Allez, je m'y risque Smile
masterkey(http://www.regardfc.com/t748p10-la-conversation-scientifique#30348) a écrit:  (...) Il faut rendre justice à Etienne Klein, la qualité de son émission tend à s'étioler mais il donnait déjà une émission passionnante avec l'éminent mathématicien Alain Connes le 17 février dernier sur le thème "Les mathématiques font-elles partie du monde réel ?" (...)
Passionnante ? Comme profane, j'ai entendu une conversation (le modèle chéri de France Culture) qui m'a laissé sur ma faim. Heureusement, masterkey, que vous être là pour rectifier la pédagogie défaillante des émissions scientifiques pointues. Voir d'ailleurs votre dernier post très informatif sur le numéro de la Méthode scientifique avec Alain Connes.

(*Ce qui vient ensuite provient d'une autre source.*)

lemma val_psub_ge:
  assumes "P \<noteq> 0"
  shows "- (supnorm e * (\<Sum>\<alpha>\<in>Poly_Mapping.keys P. monomial_degree \<alpha>)) \<le> val (psub e P)"
proof -
  obtain t where "psub e P t \<noteq> 0" using psub_not_zero[OF assms] by blast
  then obtain \<alpha> where \<alpha>: "\<alpha> \<in> Poly_Mapping.keys P" "edot e \<alpha> = val (psub e P)"
    using val_nonzero[OF is_series_psub] psub_neq_0_iff by metis
  have "monomial_degree \<alpha> \<le> (\<Sum>\<alpha>\<in>Poly_Mapping.keys P. monomial_degree \<alpha>)"
    using \<alpha>(1) by (intro member_le_sum) (auto simp: monomial_degree_def intro: sum_nonneg)
  then have "supnorm e * monomial_degree \<alpha> \<le> supnorm e * (\<Sum>\<alpha>\<in>Poly_Mapping.keys P. monomial_degree \<alpha>)"
    by (rule mult_left_mono[OF _ supnorm_nonneg])
  then show ?thesis using abs_edot_le[of e \<alpha>] \<alpha>(2) by linarith
qed

lemma val_psub_le:
  assumes "\<beta> \<in> Poly_Mapping.keys Q"
  shows "val (psub e Q) \<le> supnorm e * monomial_degree \<beta>"
  using val_le[OF is_series_psub, of e Q "edot e \<beta>"] assms abs_edot_le[of e \<beta>] psub_neq_0_iff
  by fastforce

Ce sentiment de ne pas avoir été invité au festin du savoir est-il dû à  Étienne Klein, peut-être ? Du scientifique, on ne parlera pas des plagiats qui lui ont valu d'être démis de ses fonctions de président de l'IHEST par décret. On ne parlera pas non plus de la superficialité des entretiens sur sa passion, l'alpinisme (j'aimerais bien être payé pour converser agréablement sur ma passion) et sur les sujets qu'il ne maîtrise pas. On parlera en revanche de sa tendance à s'adresser à ses savants invités sur le mode de la flatterie infantile (pour aérer le sujet ?) : à Alain Connes (équivalent prix Nobel, 71 ans), il dit "Vous êtes un drôle d'oiseau" et "vous vous amusez comme un petit fou". Parfait pour Treiner, car il fait descendre le savant de son (hypothétique) piédestal, il "décrispe" l'antenne, il la rend goûteuse à ceux qui préfèrent la personnalisation au dur du sujet. On parlera aussi de sa fâcheuse disposition à interrompre son invité et à parler en même temps que lui. On a dû lui dire, en guise de seule formation à l'art de l'entretien radiophonique, qu'il ne faut pas que l'invité parle trop longtemps (maximum une minute de suite sans interruption ?), ce serait prise de tête. En résumé, dans un entretien avec M. Klein (dont personne ne niera le savoir), j'ai l'impression d'entendre principalement M. Klein, qui de temps en temps, pousse des soupirs et des sifflements d'admiration pour rappeler à l'auditeur comment il doit se sentir à l'écoute.
Il s'agissait surtout de discuter du dernier ouvrage d'Alain Connes, Le spectre d'Atacama, ouvrage qui sous couvert d'une intrigue romanesque, se propose d'exposer les vues de l'algébriste des hautes sphères sur ce qu'est la nature de l'Espace (pour ceux que ça intéresse, elle est pour lui fondamentalement spectrale). Ce roman fait suite au Théâtre quantique, enquête policière qui nous révélait alors la conception particulière du temps d'Alain Connes (le temps n'est pas, pour lui, une variable fondamentale mais une conséquence à grande échelle de la nature aléatoire et surtout non-commutative du monde quantique qui se trouve être, par ailleurs, le nôtre).
L'ouvrage a été écrit à trois et a comme sous-titre "Trio pour la fin du temps" en référence plaisante au Quatuor pour la fin du temps d'Olivier Messiaen dont on entend un extrait du 2e mouvement dans l'émission et qu'Alain Connes* analyse de manière passionnante du point de vue des mathématiques (de 19' à 27').
Il faut dire que pour l'invité du 17 février, le problème de la nature de l'espace-temps (de l'espacetemps écrirait Rovelli) est le problème principal de la physique, de même que celui de la structure des nombres premiers est pour lui celui des mathématiques, comme on peut l'entendre raconter, par exemple, dans cette conférence : [Alain Connes : Espace-temps, nombres premiers]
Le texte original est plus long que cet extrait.